Мысли его разбежались, и он задремал. Две его тяжелые руки покоились на животе, рот был приоткрыт, вокруг лысой макушки растрепался на ветру седой венчик, который в этом колдовском свете походил на нимб святого. Иолек дремал, хотя голуби не утихомирились. На его некрасивом умном лице, лице то ли синагогального старосты, то ли хитрого и печального еврейского ходатая, которого никому не удастся провести, проступило в конце концов выражение иронии, столь характерной для новых времен, и в то же время лицо это сохраняло настороженность, свойственную древнейшим народам. Иолек спал, охваченный чувством покоя.

— Спит как медведь наш Иолек, — со смешком заметил Срулик-музыкант, проходивший мимо в тщательно отглаженных брюках цвета хаки, в праздничной голубой рубашке, с мячом соседских детей в руках.

Хаве были неприятны его маслянистый немецкий акцент, его улыбка, казавшаяся ей неоправданно интимной. Ишь, уже и эти открывают свой рот. Можно подумать!..

— Дайте ему поспать, — прошипела Хава в сердцах, — дайте ему поспать спокойно хотя бы в субботу. Даже сторож в сумасшедшем доме вправе получить отпуск для личной жизни. Ночи напролет не спал он из-за вас, так что, если сейчас немного отдохнет?

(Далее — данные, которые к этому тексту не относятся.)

lemma card_min_weights_one_colour:
  fixes V :: "'v set" and E :: "('v, 'c) arc set"
  assumes IH: "\<And>(V' :: 'v set) E' u' v'. arc_graph V' E' M \<Longrightarrow> u' \<in> V' \<Longrightarrow> v' \<in> V' \<Longrightarrow> u' \<noteq> v' \<Longrightarrow>
      card V' < card V \<Longrightarrow> card (min_weights E' M u' v') \<le> card M ^ (card V' - 1)"
    and G: "arc_graph V E M" and uv: "u \<in> V" "v \<in> V" "u \<noteq> v"
    and one_colour: "\<forall>e\<in>E. asrc e = u \<longrightarrow> acol e = c"
  shows "card (min_weights E M u v) \<le> card M ^ (card V - 2)"
proof (cases "\<exists>e\<in>E. asrc e = u")
  case False
  then show ?thesis using min_weights_no_out uv(3) by (metis card.empty zero_le)
next
  case True
  then obtain e0 where "contraction E u e0" using lightest_out_arc[OF G one_colour] by blast
  then interpret contraction E u e0 .
  have fin: "finite V" "finite E" "finite M" and e0: "acol e0 \<in> M" "atgt e0 \<in> V"
    using G e0_arc by (auto simp: arc_graph_def)
  have "card (min_weights E M u v) \<le> card (min_weights contracted M (atgt e0) v)"
    using G uv(3) by (intro card_min_weights_contracted) (auto simp: arc_graph_def)
  also have "\<dots> \<le> card M ^ (card V - 2)"
  proof (cases "atgt e0 = v")
    case True
    have "1 \<le> card M ^ (card V - 2)" using fin(3) e0(1) by (auto simp: Suc_le_eq card_gt_0_iff)
    then show ?thesis unfolding True using card_min_weights_loop[of contracted M v] by linarith
  next
    case False
    have "card (V - {u}) < card V" using card_Diff1_less[OF fin(1) uv(1)] .
    then have "card (min_weights contracted M (atgt e0) v) \<le> card M ^ (card (V - {u}) - 1)"
      using IH[OF arc_graph_contracted[OF G]] False e0(2) head_ne_u uv by blast
    moreover have "card (V - {u}) - 1 = card V - 2" using uv(1) fin(1) by simp
    ultimately show ?thesis by simp
  qed
  finally show ?thesis .
qed

lemma spaths_by_first_colour:
  assumes G: "arc_graph V E M" and "u \<noteq> v"
  shows "{p. spath E {} u v p} = (\<Union>c\<in>M. {p. spath {e \<in> E. asrc e = u \<longrightarrow> acol e = c} {} u v p})"
proof (intro equalityI subsetI)
  fix p assume "p \<in> {p. spath E {} u v p}"
  then have p: "spath E {} u v p" by simp
  then obtain e p' where pe: "p = e # p'" using \<open>u \<noteq> v\<close> by (cases p) auto
  have p': "spath E {u} (atgt e) v p'" and e: "e \<in> E" using p pe by auto
  have "set p \<subseteq> {e' \<in> E. asrc e' = u \<longrightarrow> acol e' = acol e}"
    using spath_arcs[OF p] spath_avoids[OF p'] pe by auto
  then have "spath {e' \<in> E. asrc e' = u \<longrightarrow> acol e' = acol e} {} u v p"
    using spath_transfer[OF p] by blast
  moreover have "acol e \<in> M" using G e by (auto simp: arc_graph_def)
  ultimately show "p \<in> (\<Union>c\<in>M. {p. spath {e \<in> E. asrc e = u \<longrightarrow> acol e = c} {} u v p})"
    by blast
next
  fix p assume "p \<in> (\<Union>c\<in>M. {p. spath {e \<in> E. asrc e = u \<longrightarrow> acol e = c} {} u v p})"
  then obtain c where p: "spath {e \<in> E. asrc e = u \<longrightarrow> acol e = c} {} u v p" by blast
  have "set p \<subseteq> E" using spath_arcs[OF p] by auto
  then show "p \<in> {p. spath E {} u v p}" using spath_transfer[OF p] by blast
qed

theorem card_min_weights_le:
  assumes "arc_graph V E M" and "u \<in> V" and "v \<in> V" and "u \<noteq> v"
  shows "card (min_weights E M u v) \<le> card M ^ (card V - 1)"
  using assms
proof (induction "card V" arbitrary: V E u v rule: less_induct)
  case less
  define Ec where "Ec c = {e \<in> E. asrc e = u \<longrightarrow> acol e = c}" for c
  have fin: "finite M" "finite V" "finite E" "\<And>c. finite (Ec c)"
    using less.prems(1) by (auto simp: arc_graph_def Ec_def intro: finite_subset)
  have "card V \<ge> 2"
    using less.prems fin(2) card_mono[of V "{u, v}"] by auto
  have "card (min_weights E M u v) \<le> (\<Sum>c\<in>M. card (min_weights (Ec c) M u v))"
    unfolding min_weights_def spaths_by_first_colour[OF less.prems(1,4)] image_UN Ec_def[symmetric]
    using fin by (intro card_pareto_min_UN finite_imageI finite_spaths) auto
  also have "\<dots> \<le> (\<Sum>c\<in>M. card M ^ (card V - 2))"
  proof (intro sum_mono card_min_weights_one_colour[OF less.hyps])
    show "arc_graph V (Ec c) M" for c
      using less.prems(1) by (auto simp: arc_graph_def Ec_def)
  qed (use less.prems in \<open>auto simp: Ec_def\<close>)
  also have "\<dots> = card M ^ Suc (card V - 2)" using fin(1) by simp
  also have "\<dots> = card M ^ (card V - 1)"
    using \<open>card V \<ge> 2\<close> by (simp add: Suc_diff_Suc numeral_2_eq_2)
  finally show ?case .
qed

section \<open>Transfer to weighted coloured-edge graphs\<close>

definition to_arc :: "('e \<Rightarrow> 'v) \<Rightarrow> ('e \<Rightarrow> 'v) \<Rightarrow> ('e \<Rightarrow> real) \<Rightarrow> ('e \<Rightarrow> 'c) \<Rightarrow> 'e \<Rightarrow> ('v, 'c) arc" where
  "to_arc src tgt w col e = (src e, col e, w e, tgt e)"
lemma tan_off_axis_extension:
  fixes k \<beta> c :: real
  assumes "I \<noteq> {}" "c \<noteq> 0"
    and cos_I: "\<And>t. t \<in> I \<Longrightarrow> cos (k * t + \<beta>) \<noteq> 0"
    and p: "\<And>t. t \<in> I \<Longrightarrow> p t = c * tan (k * t + \<beta>)"
  shows "\<exists>D P. off_axis_extension I p c D P"
proof -
  define w where "w z = complex_of_real k * z + complex_of_real \<beta>" for z
  have w_real: "w (complex_of_real x) = complex_of_real (k * x + \<beta>)" for x
    by (simp add: w_def)
  have cos_w_real: "cos (w (complex_of_real x)) = complex_of_real (cos (k * x + \<beta>))" for x
    by (simp only: w_real cos_of_real)
  have zeros_real: "k \<noteq> 0 \<and> z \<in> \<real>" if "cos (w z) = 0" for z
  proof -
    have "k \<noteq> 0"
    proof
      assume "k = 0"
      obtain t where "t \<in> I"
        using \<open>I \<noteq> {}\<close> by blast
      have "cos (w z) = cos (w (complex_of_real t))"
        using \<open>k = 0\<close> by (simp add: w_def)
      then show False
        using that cos_I[OF \<open>t \<in> I\<close>] by (simp add: cos_w_real)
    qed
    with that show ?thesis
      unfolding w_def by (blast intro: cos_affine_eq_0_imp_Reals)
  qed
  define D where "D = {z. cos (w z) \<noteq> 0}"
  define P where "P z = complex_of_real c * tan (w z)" for z
  have "open D"
    unfolding D_def w_def by (intro open_Collect_neq continuous_intros)
  moreover have "P holomorphic_on D"
    unfolding P_def D_def w_def tan_def by (auto intro!: holomorphic_intros)
  moreover have "- \<real> \<subseteq> D"
    using zeros_real by (auto simp: D_def)
  moreover have "complex_of_real ` I \<subseteq> D"
    using cos_I by (auto simp: D_def cos_w_real)
  moreover have "discrete {x. complex_of_real x \<notin> D}"
  proof (cases "k = 0")
    case True
    then have "cos (w z) \<noteq> 0" for z
      using zeros_real by blast
    then show ?thesis
      by (simp add: D_def)
  next
    case False
    then show ?thesis
      using uniform_discrete_cos_affine_zeros[OF False, of \<beta>]
      by (auto simp: D_def cos_w_real intro: uniform_discrete_imp_discrete)
  qed
  moreover have "P z ^ 2 + complex_of_real c ^ 2 \<noteq> 0" if "z \<in> D" for z
  proof -
    have "P z ^ 2 + complex_of_real c ^ 2 = complex_of_real c ^ 2 / cos (w z) ^ 2"
      using that by (simp add: P_def D_def tan_def field_simps sin_squared_eq)
    then show ?thesis
      using that \<open>c \<noteq> 0\<close> by (simp add: D_def)
  qed
  moreover have "P (complex_of_real x) = complex_of_real (c * tan (k * x + \<beta>))" for x
    by (simp only: P_def w_real of_real_mult tan_of_real)
  ultimately show ?thesis
    unfolding off_axis_extension_def using p by (intro exI[of _ D] exI[of _ P]) auto
qed

lemma riccati_reciprocal_solution:
  fixes p :: "real \<Rightarrow> real"
  assumes "convex I"
    and p: "\<And>t. t \<in> I \<Longrightarrow> (p has_real_derivative a * p t ^ 2) (at t)"
    and nz: "\<And>t. t \<in> I \<Longrightarrow> p t \<noteq> 0"
  obtains \<beta> where "\<And>t. t \<in> I \<Longrightarrow> \<beta> - a * t \<noteq> 0" "\<And>t. t \<in> I \<Longrightarrow> p t = 1 / (\<beta> - a * t)"
proof -
  have "((\<lambda>t. inverse (p t) + a * t) has_real_derivative 0) (at t within I)" if "t \<in> I" for t
  proof -
    have "((\<lambda>t. inverse (p t) + a * t) has_real_derivative 0) (at t)"
      using p[OF that] nz[OF that]
      by (auto intro!: derivative_eq_intros simp: power2_eq_square field_simps)
    then show ?thesis
      by (rule has_field_derivative_at_within)
  qed
  from has_field_derivative_zero_constant[OF \<open>convex I\<close> this]
  obtain \<beta> where "\<And>t. t \<in> I \<Longrightarrow> inverse (p t) + a * t = \<beta>"
    by blast
  then have \<beta>: "\<beta> - a * t = inverse (p t)" if "t \<in> I" for t
    using that by force
  show thesis
  proof (rule that)
    fix t assume "t \<in> I"
    show "\<beta> - a * t \<noteq> 0"
      using \<beta>[OF \<open>t \<in> I\<close>] nz[OF \<open>t \<in> I\<close>] by simp
    show "p t = 1 / (\<beta> - a * t)"
      using \<beta>[OF \<open>t \<in> I\<close>] by (simp add: divide_inverse)
  qed
qed
(* Let $d$ be the shortest-path distance on a finite state space $\mathcal{S}$ (with $d(s,s)=0$), $V^*=-d$, and let $\epsilon_V,\epsilon_\psi,\epsilon_\pi\ge 0$. Assume: (1) $V_\omega:\mathcal{S}\times\mathcal{S}\to\mathbb{R}$ satisfies $|V_\omega(s,g)-V^*(s,g)|\le\epsilon_V$ for all $s,g$; (2) the anticipation model $\phi:\mathcal{S}\times\mathcal{S}\to\mathcal{S}$ satisfies $\max(0,V_\omega(s,g)-V_\omega(s,\hat s)-V_\omega(\hat s,g))\le\epsilon_\psi$ for all $s,g$, where $\hat s=\phi(s,g)$; (3) the low-level policy, when tasked with reaching $\hat s$ from $s$, reaches $\hat s$ and incurs cost (number of steps) $C_\theta(s,\hat s)\le d(s,\hat s)+\epsilon_\pi$. Let $s_0,s_g\in\mathcal{S}$ and let $s_0,s_1,\dots,s_M$ be the states with $s_{k+1}=\phi(s_k,s_g)$ for $0\le k<M$ and $s_M=s_g$. Then the total cost $C_{RLA}(s_0,s_g)=\sum_{k=0}^{M-1}C_\theta(s_k,s_{k+1})$ satisfies $$C_{RLA}(s_0,s_g)\le d(s_0,s_g)+M\,(\epsilon_\pi+3\epsilon_V+\epsilon_\psi).$$
   Context: Setting: a goal-conditioned MDP with finite state space, reward $-1$ per step and $0$ upon reaching the goal; $d(s,g)$ is the minimum number of steps from $s$ to $g$ and the optimal value function is $V^*(s,g)=-d(s,g)$. $V_\omega$ is a learned value function, $\phi$ an anticipation model proposing subgoals, and $C_\theta(s,\hat s)$ the cost incurred by the low-level goal-conditioned policy travelling from $s$ to subgoal $\hat s$. *)

theory Defs
  imports Complex_Main
begin

text \<open>The MDP's one-step transition structure is given as a relation
  step s s' (s' reachable from s in one step under some action).\<close>

definition dist_sp :: "('a \<Rightarrow> 'a \<Rightarrow> bool) \<Rightarrow> 'a \<Rightarrow> 'a \<Rightarrow> nat" where
  "dist_sp step s g = (LEAST n. (step ^^ n) s g)"

definition Vstar :: "('a \<Rightarrow> 'a \<Rightarrow> bool) \<Rightarrow> 'a \<Rightarrow> 'a \<Rightarrow> real" where
  "Vstar step s g = - real (dist_sp step s g)"

end

theory Submission
  imports Defs
begin

(* Replacing each of the three values in the anticipation inequality by -d costs eps_V, so
   the leg from s to phi(s,g) costs at most d(s,g) - d(phi(s,g),g) + eps_pi + 3 eps_V + eps_psi.
   Summed along the trajectory these bounds telescope, and the remaining term -d(s_M,g) is
   nonpositive. *)

lemma subgoal_cost_le_dist_decrease:
  fixes V d :: "'a \<Rightarrow> 'a \<Rightarrow> real"
  assumes value_err: "\<And>s g. \<bar>V s g + d s g\<bar> \<le> \<epsilon>V"
    and anticip_err: "V s g - V s s' - V s' g \<le> \<epsilon>\<psi>"
    and policy_err: "c \<le> d s s' + \<epsilon>\<pi>"
  shows "c \<le> d s g - d s' g + (\<epsilon>\<pi> + 3 * \<epsilon>V + \<epsilon>\<psi>)"
  using anticip_err policy_err value_err[of s g] value_err[of s s'] value_err[of s' g]
  by (simp add: abs_le_iff)

lemma sum_le_telescope:
  fixes c f :: "nat \<Rightarrow> 'a::linordered_idom"
  assumes "\<And>k. k < M \<Longrightarrow> c k \<le> f k - f (Suc k) + E"
  shows "(\<Sum>k<M. c k) \<le> f 0 - f M + of_nat M * E"
proof -
  have "(\<Sum>k<M. c k) \<le> (\<Sum>k<M. f k - f (Suc k) + E)"
    using assms by (intro sum_mono) simp
  also have "\<dots> = f 0 - f M + of_nat M * E"
    by (simp add: sum.distrib sum_lessThan_telescope')
  finally show ?thesis .
qed

theorem theorem2:
  fixes step :: "'s::finite \<Rightarrow> 's \<Rightarrow> bool"
    and V\<omega> :: "'s \<Rightarrow> 's \<Rightarrow> real"
    and \<phi> :: "'s \<Rightarrow> 's \<Rightarrow> 's"
    and C\<theta> :: "'s \<Rightarrow> 's \<Rightarrow> nat"
    and \<epsilon>V \<epsilon>\<psi> \<epsilon>\<pi> :: real
    and s0 sg :: 's
    and traj :: "nat \<Rightarrow> 's"
    and M :: nat
  assumes reachable: "\<And>s g. \<exists>n. (step ^^ n) s g"
    and eV: "\<epsilon>V \<ge> 0" and epsi: "\<epsilon>\<psi> \<ge> 0" and epi: "\<epsilon>\<pi> \<ge> 0"
    and value_err: "\<And>s g. \<bar>V\<omega> s g - Vstar step s g\<bar> \<le> \<epsilon>V"
    and anticip_err: "\<And>s g. max 0 (V\<omega> s g - V\<omega> s (\<phi> s g) - V\<omega> (\<phi> s g) g) \<le> \<epsilon>\<psi>"
    and policy_err: "\<And>s g. real (C\<theta> s (\<phi> s g)) \<le> real (dist_sp step s (\<phi> s g)) + \<epsilon>\<pi>"
    and traj0: "traj 0 = s0"
    and traj_step: "\<And>k. k < M \<Longrightarrow> traj (Suc k) = \<phi> (traj k) sg"
    and trajM: "traj M = sg"
  shows "real (\<Sum>k<M. C\<theta> (traj k) (traj (Suc k)))
           \<le> real (dist_sp step s0 sg) + real M * (\<epsilon>\<pi> + 3 * \<epsilon>V + \<epsilon>\<psi>)"
proof -
  let ?d = "\<lambda>s g. real (dist_sp step s g)"
  have leg_cost: "real (C\<theta> s (\<phi> s g)) \<le> ?d s g - ?d (\<phi> s g) g + (\<epsilon>\<pi> + 3 * \<epsilon>V + \<epsilon>\<psi>)"
    for s g
  proof (rule subgoal_cost_le_dist_decrease[where V = V\<omega> and d = ?d])
    show "\<bar>V\<omega> s g + ?d s g\<bar> \<le> \<epsilon>V" for s g
      using value_err[of s g] by (simp add: Vstar_def)
  qed (use anticip_err[of s g] policy_err[of s g] in simp_all)
  have "real (\<Sum>k<M. C\<theta> (traj k) (traj (Suc k)))
          \<le> ?d (traj 0) sg - ?d (traj M) sg + real M * (\<epsilon>\<pi> + 3 * \<epsilon>V + \<epsilon>\<psi>)"
    unfolding of_nat_sum
    using sum_le_telescope[of M "\<lambda>k. real (C\<theta> (traj k) (traj (Suc k)))" "\<lambda>k. ?d (traj k) sg"]
    by (simp add: leg_cost traj_step)
  then show ?thesis
    using traj0 by simp
qed

end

— Да на здоровье, — рассмеялся Срулик, будучи по природе своей человеком добродушным, — пусть спит себе на здоровье страж Израиля.

— Очень смешно, — процедила она сквозь зубы, развешивая на веревке фланелевые пижамы, постельное белье, ночной халат, толстые свитера. — Да будет вам известно, что вы, те, кто укорачивает его жизнь, когда-нибудь потом выпустите книги воспоминаний о нем и напишете, что Иолек никогда не ведал покоя. Ну да ладно. У меня нет никаких претензий. У меня уже давно нет никаких претензий. Просто вы должны знать, что́ натворили…

— Но право же, — возразил Срулик, и в голосе его звучали доброжелательность и безграничное терпение, — грех сердиться в такое утро, Хавка. Какой свет! А эти запахи! Я чуть было не сорвал цветок, чтобы преподнести его тебе!

— Очень смешно, — огрызнулась Хава.

Срулик взмахнул руками, словно намереваясь бросить Хаве мяч. И вновь улыбнулся. И даже едва не подмигнул ей, но раздумал и пошел себе своей дорогой. Хава поглядела ему вслед, глаза ее были ослеплены горечью, словно глаза филина, по которым ударил луч прожектора. Она произнесла про себя: «Ну и хорошо». И повторила то же самое на идиш: « Шойн».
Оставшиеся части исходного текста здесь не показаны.